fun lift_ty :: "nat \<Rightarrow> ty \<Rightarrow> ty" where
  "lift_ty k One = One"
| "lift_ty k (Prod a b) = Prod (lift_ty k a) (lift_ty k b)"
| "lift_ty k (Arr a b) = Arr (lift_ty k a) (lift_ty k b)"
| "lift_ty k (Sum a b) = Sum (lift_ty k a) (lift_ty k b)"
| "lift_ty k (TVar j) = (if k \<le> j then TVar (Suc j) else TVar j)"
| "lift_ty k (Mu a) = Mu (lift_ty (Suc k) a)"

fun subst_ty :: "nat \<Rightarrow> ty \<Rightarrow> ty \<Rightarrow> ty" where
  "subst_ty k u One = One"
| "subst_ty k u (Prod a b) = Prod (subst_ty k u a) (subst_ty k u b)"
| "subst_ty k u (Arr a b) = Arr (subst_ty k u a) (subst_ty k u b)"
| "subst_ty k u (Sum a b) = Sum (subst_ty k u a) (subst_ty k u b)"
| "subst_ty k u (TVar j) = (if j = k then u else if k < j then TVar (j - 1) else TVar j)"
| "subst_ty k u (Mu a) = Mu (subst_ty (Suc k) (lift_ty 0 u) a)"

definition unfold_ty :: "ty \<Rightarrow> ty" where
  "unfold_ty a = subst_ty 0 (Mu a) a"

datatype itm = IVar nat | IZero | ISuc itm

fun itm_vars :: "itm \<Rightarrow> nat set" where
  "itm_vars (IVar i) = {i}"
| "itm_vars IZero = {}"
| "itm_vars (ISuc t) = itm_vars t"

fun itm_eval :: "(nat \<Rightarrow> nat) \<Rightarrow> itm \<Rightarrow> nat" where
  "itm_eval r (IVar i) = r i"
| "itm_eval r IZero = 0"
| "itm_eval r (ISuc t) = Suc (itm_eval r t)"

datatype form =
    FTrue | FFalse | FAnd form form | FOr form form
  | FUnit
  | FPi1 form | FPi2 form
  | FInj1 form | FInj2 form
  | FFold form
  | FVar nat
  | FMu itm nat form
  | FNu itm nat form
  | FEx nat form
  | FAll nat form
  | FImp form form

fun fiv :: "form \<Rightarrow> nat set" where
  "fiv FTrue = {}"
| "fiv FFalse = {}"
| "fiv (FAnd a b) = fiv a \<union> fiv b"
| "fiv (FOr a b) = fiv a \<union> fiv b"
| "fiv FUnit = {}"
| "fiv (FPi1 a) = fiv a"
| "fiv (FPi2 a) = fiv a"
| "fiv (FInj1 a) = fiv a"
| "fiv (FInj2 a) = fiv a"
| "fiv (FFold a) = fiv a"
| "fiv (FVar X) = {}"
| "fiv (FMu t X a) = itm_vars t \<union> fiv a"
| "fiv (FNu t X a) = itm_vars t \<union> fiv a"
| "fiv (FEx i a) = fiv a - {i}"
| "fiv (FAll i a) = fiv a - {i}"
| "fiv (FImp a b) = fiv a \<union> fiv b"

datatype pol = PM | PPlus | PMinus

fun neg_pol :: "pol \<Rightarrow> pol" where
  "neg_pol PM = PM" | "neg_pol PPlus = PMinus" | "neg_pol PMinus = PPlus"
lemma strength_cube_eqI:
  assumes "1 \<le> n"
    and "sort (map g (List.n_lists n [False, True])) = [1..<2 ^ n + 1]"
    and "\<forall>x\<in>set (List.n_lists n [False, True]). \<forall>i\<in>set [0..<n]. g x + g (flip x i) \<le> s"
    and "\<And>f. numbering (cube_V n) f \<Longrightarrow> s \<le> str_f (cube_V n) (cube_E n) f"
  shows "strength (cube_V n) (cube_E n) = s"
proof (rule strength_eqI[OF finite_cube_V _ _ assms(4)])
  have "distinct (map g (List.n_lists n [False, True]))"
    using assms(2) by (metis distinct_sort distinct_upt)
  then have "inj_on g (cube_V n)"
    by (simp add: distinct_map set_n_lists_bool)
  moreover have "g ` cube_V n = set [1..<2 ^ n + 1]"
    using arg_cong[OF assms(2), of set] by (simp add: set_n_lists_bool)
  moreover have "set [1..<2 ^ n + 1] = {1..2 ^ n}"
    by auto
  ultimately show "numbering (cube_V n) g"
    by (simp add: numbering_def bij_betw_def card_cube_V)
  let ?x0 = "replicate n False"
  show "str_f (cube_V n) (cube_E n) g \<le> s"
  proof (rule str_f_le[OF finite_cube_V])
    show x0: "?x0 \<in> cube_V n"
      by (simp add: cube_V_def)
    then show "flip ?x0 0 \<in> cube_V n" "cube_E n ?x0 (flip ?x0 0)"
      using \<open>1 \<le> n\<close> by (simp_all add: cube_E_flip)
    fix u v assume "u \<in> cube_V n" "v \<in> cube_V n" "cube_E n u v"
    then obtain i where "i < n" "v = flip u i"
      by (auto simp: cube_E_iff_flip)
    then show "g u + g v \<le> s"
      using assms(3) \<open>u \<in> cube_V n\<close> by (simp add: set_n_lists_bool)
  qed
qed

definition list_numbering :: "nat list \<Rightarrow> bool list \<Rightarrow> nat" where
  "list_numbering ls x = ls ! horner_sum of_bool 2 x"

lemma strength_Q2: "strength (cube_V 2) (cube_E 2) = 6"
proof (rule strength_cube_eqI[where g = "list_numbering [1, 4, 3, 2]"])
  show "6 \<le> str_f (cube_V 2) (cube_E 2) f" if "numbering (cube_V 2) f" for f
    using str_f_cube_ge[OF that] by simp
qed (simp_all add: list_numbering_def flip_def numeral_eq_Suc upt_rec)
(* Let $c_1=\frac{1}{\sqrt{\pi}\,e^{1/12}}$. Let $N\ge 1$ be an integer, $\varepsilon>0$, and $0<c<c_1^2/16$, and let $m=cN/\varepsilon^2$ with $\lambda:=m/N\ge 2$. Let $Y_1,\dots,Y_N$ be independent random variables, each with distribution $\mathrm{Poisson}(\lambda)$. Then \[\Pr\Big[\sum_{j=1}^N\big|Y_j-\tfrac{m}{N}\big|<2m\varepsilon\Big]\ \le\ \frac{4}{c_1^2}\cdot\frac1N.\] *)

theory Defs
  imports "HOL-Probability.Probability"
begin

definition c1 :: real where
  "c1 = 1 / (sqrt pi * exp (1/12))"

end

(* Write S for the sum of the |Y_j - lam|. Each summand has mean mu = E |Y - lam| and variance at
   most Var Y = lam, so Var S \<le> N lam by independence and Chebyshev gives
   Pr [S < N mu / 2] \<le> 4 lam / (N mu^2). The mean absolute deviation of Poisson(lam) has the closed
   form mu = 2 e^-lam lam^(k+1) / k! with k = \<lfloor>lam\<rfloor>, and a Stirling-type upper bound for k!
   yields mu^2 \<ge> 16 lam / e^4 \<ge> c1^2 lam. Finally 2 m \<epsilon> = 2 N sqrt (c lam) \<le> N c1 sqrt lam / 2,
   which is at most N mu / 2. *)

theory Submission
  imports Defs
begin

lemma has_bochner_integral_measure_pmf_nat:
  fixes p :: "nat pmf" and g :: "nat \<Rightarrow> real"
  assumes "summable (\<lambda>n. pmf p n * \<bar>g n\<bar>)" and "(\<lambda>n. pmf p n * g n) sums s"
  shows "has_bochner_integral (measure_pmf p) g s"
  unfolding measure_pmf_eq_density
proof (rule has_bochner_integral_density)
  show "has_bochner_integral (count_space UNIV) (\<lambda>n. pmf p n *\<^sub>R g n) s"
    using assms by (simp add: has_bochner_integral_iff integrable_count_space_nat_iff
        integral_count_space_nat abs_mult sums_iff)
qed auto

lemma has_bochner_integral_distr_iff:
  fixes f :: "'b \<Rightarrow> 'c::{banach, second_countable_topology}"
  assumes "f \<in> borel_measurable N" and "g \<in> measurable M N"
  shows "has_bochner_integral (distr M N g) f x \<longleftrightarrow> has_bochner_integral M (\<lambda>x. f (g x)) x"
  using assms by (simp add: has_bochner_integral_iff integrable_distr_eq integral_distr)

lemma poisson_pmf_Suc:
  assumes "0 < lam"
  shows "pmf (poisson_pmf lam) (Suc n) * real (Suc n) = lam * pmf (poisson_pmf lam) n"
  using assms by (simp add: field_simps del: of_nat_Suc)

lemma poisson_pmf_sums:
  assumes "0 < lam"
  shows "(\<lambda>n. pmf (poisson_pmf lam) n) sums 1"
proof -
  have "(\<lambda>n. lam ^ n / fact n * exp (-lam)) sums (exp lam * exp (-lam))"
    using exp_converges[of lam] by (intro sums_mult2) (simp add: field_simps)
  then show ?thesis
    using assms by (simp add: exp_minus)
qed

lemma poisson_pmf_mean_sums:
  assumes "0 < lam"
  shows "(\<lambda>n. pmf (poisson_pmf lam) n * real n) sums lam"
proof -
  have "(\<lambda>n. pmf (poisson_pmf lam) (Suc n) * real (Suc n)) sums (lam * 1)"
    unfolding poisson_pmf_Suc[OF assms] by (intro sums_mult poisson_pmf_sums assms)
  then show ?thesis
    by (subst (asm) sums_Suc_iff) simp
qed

● ● ● ● ●

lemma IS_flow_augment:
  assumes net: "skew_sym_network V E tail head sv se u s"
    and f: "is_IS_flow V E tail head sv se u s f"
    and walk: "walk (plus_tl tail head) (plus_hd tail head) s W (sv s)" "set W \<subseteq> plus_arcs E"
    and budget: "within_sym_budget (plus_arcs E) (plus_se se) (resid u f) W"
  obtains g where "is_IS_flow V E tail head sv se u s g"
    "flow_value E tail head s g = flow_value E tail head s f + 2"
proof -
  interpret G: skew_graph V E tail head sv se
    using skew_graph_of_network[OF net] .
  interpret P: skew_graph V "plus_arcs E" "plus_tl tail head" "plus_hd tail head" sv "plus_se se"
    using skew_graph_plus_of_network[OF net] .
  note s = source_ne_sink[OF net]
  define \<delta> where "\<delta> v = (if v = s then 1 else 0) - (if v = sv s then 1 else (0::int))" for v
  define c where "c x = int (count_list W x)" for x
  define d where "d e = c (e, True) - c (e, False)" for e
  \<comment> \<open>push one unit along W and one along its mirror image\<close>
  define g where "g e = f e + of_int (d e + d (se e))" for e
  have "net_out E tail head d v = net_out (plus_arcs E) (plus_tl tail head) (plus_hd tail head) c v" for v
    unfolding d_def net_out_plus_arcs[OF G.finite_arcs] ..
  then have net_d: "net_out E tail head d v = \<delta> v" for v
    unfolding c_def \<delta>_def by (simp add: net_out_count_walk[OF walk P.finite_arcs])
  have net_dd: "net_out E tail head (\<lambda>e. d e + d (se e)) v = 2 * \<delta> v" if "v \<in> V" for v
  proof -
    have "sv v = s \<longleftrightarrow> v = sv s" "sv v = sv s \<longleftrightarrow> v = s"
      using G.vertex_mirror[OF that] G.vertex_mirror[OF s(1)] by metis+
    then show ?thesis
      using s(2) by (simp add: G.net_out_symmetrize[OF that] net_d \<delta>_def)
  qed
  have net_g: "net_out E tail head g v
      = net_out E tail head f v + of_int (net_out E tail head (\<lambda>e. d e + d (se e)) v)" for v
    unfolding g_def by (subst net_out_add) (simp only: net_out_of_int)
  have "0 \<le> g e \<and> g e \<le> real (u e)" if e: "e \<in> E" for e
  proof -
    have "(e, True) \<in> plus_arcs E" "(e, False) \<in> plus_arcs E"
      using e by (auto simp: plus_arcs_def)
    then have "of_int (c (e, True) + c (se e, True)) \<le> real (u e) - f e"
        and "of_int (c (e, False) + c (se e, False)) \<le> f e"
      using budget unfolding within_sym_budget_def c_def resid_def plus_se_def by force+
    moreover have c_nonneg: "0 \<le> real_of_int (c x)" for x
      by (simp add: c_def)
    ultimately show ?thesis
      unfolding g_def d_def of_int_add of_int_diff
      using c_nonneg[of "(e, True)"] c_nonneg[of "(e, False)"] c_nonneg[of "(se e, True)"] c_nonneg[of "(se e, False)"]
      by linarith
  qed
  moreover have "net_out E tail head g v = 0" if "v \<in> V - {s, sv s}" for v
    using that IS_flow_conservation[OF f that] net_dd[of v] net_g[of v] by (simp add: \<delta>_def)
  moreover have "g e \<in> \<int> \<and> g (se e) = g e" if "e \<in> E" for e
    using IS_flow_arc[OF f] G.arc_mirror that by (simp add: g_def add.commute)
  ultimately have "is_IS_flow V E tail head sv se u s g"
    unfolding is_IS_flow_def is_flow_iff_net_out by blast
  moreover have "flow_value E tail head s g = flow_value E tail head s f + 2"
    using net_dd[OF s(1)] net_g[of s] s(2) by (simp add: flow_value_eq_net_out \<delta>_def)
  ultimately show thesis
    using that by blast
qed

● ● ● ● ●

* _Task directions_: Wherever the word "assms" appears in the records above, copy that line.

* _Answer section_:
proof (rule strength_eqI[OF finite_cube_V _ _ assms(4)])
    using assms(2) by (metis distinct_sort distinct_upt)
    using arg_cong[OF assms(2), of set] by (simp add: set_n_lists_bool)
      using assms(3) \<open>u \<in> cube_V n\<close> by (simp add: set_n_lists_bool)
    using assms by (simp add: has_bochner_integral_iff integrable_count_space_nat_iff
  using assms by (simp add: has_bochner_integral_iff integrable_distr_eq integral_distr)
  using assms by (simp add: field_simps del: of_nat_Suc)
    using assms by (simp add: exp_minus)
    unfolding poisson_pmf_Suc[OF assms] by (intro sums_mult poisson_pmf_sums assms)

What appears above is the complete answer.